He’ll return to Indianapolis for the race that used to make life stop for so many on Memorial Day weekend. He’ll walk the garage area, see familiar faces, shake hands and sign autographs.

“More people have climbed Mt. Everest than have competed in the Indy 500 at least once,” he likes to say. In the elite fraternity of 269 living drivers, Howard Holmes is one.

An older generation remembers him by his nickname, Howdy. He was the top rookie in 1979, finishing seventh behind winner Rick Mears and runner-up A.J. Foyt. In 1984 he was the second-fastest qualifier and started on the front row between pole-sitter Tom Sneva and Mears.

Howdy Holmes will be in South Portland on Monday night, the speaker at the Maine Family Business Awards banquet. He is the eighth generation to run the family business, Chelsea Milling Company, known by its Jiffy baking mixes.

Racing rocketships on wheels to baking. From warp speed to pedestrian.

“You can go from zero to 100 and back to zero in six seconds,” says Holmes. “Speed is relative. To the fans the car is a flash, a streak of paint.”

You can hear amusement in his voice. “I’m not a car guy anymore. In 1983 I came up with a five-year plan. I was detoxing my way out of racing.” Business was calling. He last raced in 1988. His 22-year-old son tried to talk dad into a Ferrari or Lamborghini for his next car but Howdy shook his head. They aren’t common-sense cars.

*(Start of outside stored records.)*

lemma Ce_hom2: "\<alpha> \<in> Ce K \<Longrightarrow> \<alpha> \<in> hom2 K (dom2 K \<alpha>) (cod2 K \<alpha>)"
  by (simp add: hom2_def)

lemma src_Ob [simp]: "f \<in> Ar K \<Longrightarrow> src K f \<in> Ob K"
  and trg_Ob [simp]: "f \<in> Ar K \<Longrightarrow> trg K f \<in> Ob K"
  using Ar_src_trg by blast+

lemma idn_Ar [simp]: "A \<in> Ob K \<Longrightarrow> idn K A \<in> Ar K"
  and src_idn [simp]: "A \<in> Ob K \<Longrightarrow> src K (idn K A) = A"
  and trg_idn [simp]: "A \<in> Ob K \<Longrightarrow> trg K (idn K A) = A"
  using idn_hom1 by (simp_all add: hom1_def)

lemma cmp_Ar [simp]: "f \<in> Ar K \<Longrightarrow> g \<in> Ar K \<Longrightarrow> trg K f = src K g \<Longrightarrow> cmp K g f \<in> Ar K"
  and src_cmp [simp]: "f \<in> Ar K \<Longrightarrow> g \<in> Ar K \<Longrightarrow> trg K f = src K g \<Longrightarrow> src K (cmp K g f) = src K f"
  and trg_cmp [simp]: "f \<in> Ar K \<Longrightarrow> g \<in> Ar K \<Longrightarrow> trg K f = src K g \<Longrightarrow> trg K (cmp K g f) = trg K g"
  using cmp_hom1[OF Ar_hom1[of f], of g "trg K g"] by (simp_all add: hom1_def)

lemma cmp_assoc [simp]:
  "f \<in> Ar K \<Longrightarrow> g \<in> Ar K \<Longrightarrow> h \<in> Ar K \<Longrightarrow> trg K f = src K g \<Longrightarrow> trg K g = src K h \<Longrightarrow>
   cmp K (cmp K h g) f = cmp K h (cmp K g f)"
  using cmp_assoc_hom1[OF Ar_hom1[of f], of g "trg K g" h "trg K h"] by (simp add: hom1_def)
definition approx_point_spectrum where
  "approx_point_spectrum X N A = {c. \<exists>fs. (\<forall>n. fs n \<in> X \<and> N (fs n) = 1) \<and>
       (\<lambda>n. N (shift_op A c (fs n))) \<longlonglongrightarrow> 0}"

end

theory Submission
  imports Defs
begin

text \<open>The indicator function of a single vertex w is an eigenvector of M_\<psi> for \<psi>(w); after
  normalisation these indicators are approximate eigenvectors for every point of the closure of
  \<psi>(T). They lie in both spaces because in a tree every vertex other than the root has a unique
  parent, one step closer to the root, so an indicator has only finitely many nonzero differences.
  Testing boundedness of M_\<psi> on them shows that \<psi> is bounded. If c has distance \<delta> > 0 from
  \<psi>(T), the differences of f / (\<psi> - c) are dominated by those of f and \<psi> f, and both spaces
  are closed under such domination, so multiplication by 1 / (\<psi> - c) is a bounded inverse of
  M_\<psi> - c. With the general inclusion of the approximate point spectrum in the spectrum this
  closes the chain of inclusions between the three sets.\<close>

lemma walk_iff_fun:
  "walk E u v n \<longleftrightarrow> (\<exists>q. q 0 = u \<and> q n = v \<and> (\<forall>i<n. E (q i) (q (Suc i))))"
proof
  assume "walk E u v n"
  then obtain p where p: "length p = Suc n" "hd p = u" "last p = v" "\<forall>i<n. E (p ! i) (p ! Suc i)"
    unfolding walk_def by blast
  then have "p ! 0 = u" "p ! n = v"
    by (auto simp: hd_conv_nth last_conv_nth simp flip: length_greater_0_conv)
  with p(4) show "\<exists>q. q 0 = u \<and> q n = v \<and> (\<forall>i<n. E (q i) (q (Suc i)))"
    by (intro exI[of _ "nth p"]) auto
next
  assume "\<exists>q. q 0 = u \<and> q n = v \<and> (\<forall>i<n. E (q i) (q (Suc i)))"
  then obtain q where "q 0 = u" "q n = v" "\<forall>i<n. E (q i) (q (Suc i))" by blast
  then show "walk E u v n"
    unfolding walk_def
    by (intro exI[of _ "map q [0..<Suc n]"]) (simp del: upt_Suc add: hd_map last_map nth_map_upt)
qed

lemma walk_trans:
  assumes "walk E u v m" "walk E v w n"
  shows "walk E u w (m + n)"
proof -
  obtain p where p: "p 0 = u" "p m = v" "\<forall>i<m. E (p i) (p (Suc i))"
    using assms(1) unfolding walk_iff_fun by blast
  obtain q where q: "q 0 = v" "q n = w" "\<forall>i<n. E (q i) (q (Suc i))"
    using assms(2) unfolding walk_iff_fun by blast
  let ?pq = "\<lambda>i. if i \<le> m then p i else q (i - m)"
  have "E (?pq i) (?pq (Suc i))" if "i < m + n" for i
    using that p q by (cases "i < m") (auto simp: Suc_diff_le)
  moreover have "?pq 0 = u" "?pq (m + n) = w"
    using p q by auto
  ultimately show ?thesis
    unfolding walk_iff_fun by (intro exI[of _ ?pq]) blast
qed

lemma walk_refl: "walk E u u 0"
  unfolding walk_iff_fun by auto

lemma tdist_root: "tdist E r r = 0"
  unfolding tdist_def using walk_refl by (metis Least_eq_0)

lemma is_cycle_map_upt:
  assumes "3 \<le> L" "inj_on g {..<L}"
    and "\<And>i. Suc i < L \<Longrightarrow> E (g i) (g (Suc i))" "E (g (L - 1)) (g 0)"
  shows "is_cycle E (map g [0..<L])"
  using assms unfolding is_cycle_def
  by (simp del: upt_Suc add: distinct_map atLeast0LessThan hd_map last_map)

definition geodesic_loop :: "(nat \<Rightarrow> 'v) \<Rightarrow> (nat \<Rightarrow> 'v) \<Rightarrow> nat \<Rightarrow> nat \<Rightarrow> nat \<Rightarrow> 'v" where
  "geodesic_loop p q m K i = (if i < K then p (m + i) else q (m + 2 * K - i))"

locale rooted_tree =
  fixes E :: "'v \<Rightarrow> 'v \<Rightarrow> bool" and r :: 'v
  assumes tree: "rooted_tree_no_terminal E r"
begin

abbreviation d :: "'v \<Rightarrow> nat" where "d \<equiv> tdist E r"

lemma edge_sym: "E u v \<Longrightarrow> E v u"
  using tree unfolding rooted_tree_no_terminal_def by blast

lemma walk_tdist: "walk E r v (d v)"
  using tree unfolding rooted_tree_no_terminal_def tdist_def by (metis LeastI_ex)

lemma tdist_le: "walk E r v n \<Longrightarrow> d v \<le> n"
  unfolding tdist_def by (rule Least_le)

lemma tdist_eq_0_iff: "d v = 0 \<longleftrightarrow> v = r"
  using walk_tdist[of v] tdist_root[of E r] unfolding walk_iff_fun by auto

lemma tdist_geodesic:
  assumes "p 0 = r" "p (d v) = v" "\<forall>i<d v. E (p i) (p (Suc i))" "j \<le> d v"
  shows "d (p j) = j"
proof -
  have "walk E r (p j) j"
    unfolding walk_iff_fun using assms by (intro exI[of _ p]) auto
  then have "d (p j) \<le> j"
    by (rule tdist_le)
  moreover have "walk E (p j) v (d v - j)"
    unfolding walk_iff_fun using assms by (intro exI[of _ "\<lambda>i. p (j + i)"]) auto
  then have "d v \<le> d (p j) + (d v - j)"
    by (intro tdist_le walk_trans[OF walk_tdist])
  ultimately show ?thesis
    using assms(4) by linarith
qed

text \<open>Two geodesics from the root that meet at indices m and m + K but differ strictly in between
  close up into a cycle; distances from the root keep its vertices apart.\<close>

context
  fixes p q :: "nat \<Rightarrow> 'v" and v :: 'v and m K :: nat
  assumes p: "p 0 = r" "p (d v) = v" "\<forall>i<d v. E (p i) (p (Suc i))"
    and q: "q 0 = r" "q (d v) = v" "\<forall>i<d v. E (q i) (q (Suc i))"
    and bounds: "2 \<le> K" "m + K \<le> d v"
    and meet: "p m = q m" "p (m + K) = q (m + K)"
    and diverge: "\<And>i. m < i \<Longrightarrow> i < m + K \<Longrightarrow> p i \<noteq> q i"
begin

lemma tdist_geodesic_loop:
  assumes "i < 2 * K"
  shows "d (geodesic_loop p q m K i) = (if i < K then m + i else m + 2 * K - i)"
  using assms bounds tdist_geodesic[OF p] tdist_geodesic[OF q] by (auto simp: geodesic_loop_def)

lemma inj_on_geodesic_loop: "inj_on (geodesic_loop p q m K) {..<2 * K}"
proof (rule inj_onI)
  let ?g = "geodesic_loop p q m K"
  have opposite_sides: False if "i < K" "K \<le> j" "j < 2 * K" "?g i = ?g j" for i j
  proof -
    have "m + i = m + 2 * K - j"
      using tdist_geodesic_loop[of i] tdist_geodesic_loop[of j] that by simp
    then have "p (m + i) = q (m + i)" "m < m + i" "m + i < m + K"
      using that by (auto simp: geodesic_loop_def)
    then show False
      using diverge by blast
  qed
  fix i j assume "i \<in> {..<2 * K}" "j \<in> {..<2 * K}" "?g i = ?g j"
  then have "i < 2 * K" "j < 2 * K" "d (?g i) = d (?g j)"
    by auto
  moreover have "\<not> (i < K \<and> K \<le> j)" "\<not> (j < K \<and> K \<le> i)"
    using opposite_sides[of i j] opposite_sides[of j i] \<open>i < 2 * K\<close> \<open>j < 2 * K\<close> \<open>?g i = ?g j\<close>
    by auto
  ultimately show "i = j"
    using tdist_geodesic_loop[of i] tdist_geodesic_loop[of j] by (cases "i < K") (simp_all split: if_splits)
qed

lemma geodesic_loop_edge:
  assumes "Suc i < 2 * K"
  shows "E (geodesic_loop p q m K i) (geodesic_loop p q m K (Suc i))"
proof -
  have p_edge: "E (p j) (p (Suc j))" and q_edge: "E (q (Suc j)) (q j)" if "j < m + K" for j
    using that p(3) q(3) bounds edge_sym by auto
  show ?thesis
  proof (rule linorder_cases[of "Suc i" K])
    assume "Suc i < K"
    then show ?thesis
      using p_edge[of "m + i"] by (simp add: geodesic_loop_def)
  next
    assume "Suc i = K"
    then have i: "i < K" "\<not> Suc i < K" and idx: "m + 2 * K - Suc i = Suc (m + i)" "Suc (m + i) = m + K"
      by linarith+
    have "geodesic_loop p q m K i = p (m + i)"
      using i(1) by (simp add: geodesic_loop_def)
    moreover have "geodesic_loop p q m K (Suc i) = p (Suc (m + i))"
      unfolding geodesic_loop_def using i(2) by (simp only: if_False idx meet(2)[symmetric])
    ultimately show ?thesis
      using p_edge[of "m + i"] i(1) by simp
  next
    assume "K < Suc i"
    then have "geodesic_loop p q m K i = q (Suc (m + 2 * K - Suc i))"
      "geodesic_loop p q m K (Suc i) = q (m + 2 * K - Suc i)"
      using assms by (auto simp: geodesic_loop_def Suc_diff_Suc)
    then show ?thesis
      using q_edge[of "m + 2 * K - Suc i"] \<open>K < Suc i\<close> bounds by simp
  qed
qed

lemma geodesic_loop_closing_edge: "E (geodesic_loop p q m K (2 * K - 1)) (geodesic_loop p q m K 0)"
proof -
  have "geodesic_loop p q m K (2 * K - 1) = q (Suc m)" "geodesic_loop p q m K 0 = q m"
    using bounds meet(1) by (auto simp: geodesic_loop_def)
  then show ?thesis
    using q(3) bounds edge_sym by simp
qed

lemma is_cycle_geodesic_loop: "is_cycle E (map (geodesic_loop p q m K) [0..<2 * K])"
  using bounds inj_on_geodesic_loop geodesic_loop_edge geodesic_loop_closing_edge
  by (intro is_cycle_map_upt) auto

end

In a way, America has moved past men like Holmes. This is the centennial for the Indy 500. All 269 living drivers have been invited back. The drivers in this year’s race will pass between lines of those who preceded them as they walk to their cars. Holmes will be there.

Foyt, who celebrates the 50th anniversary of the first of his four Indy 500 victories, will drive the pace car. Grand stuff, even if it is bittersweet for Holmes.

“It’s not the same. It hasn’t been for a while. I can remember when 400,000 people were there and all the pomp and circumstance.”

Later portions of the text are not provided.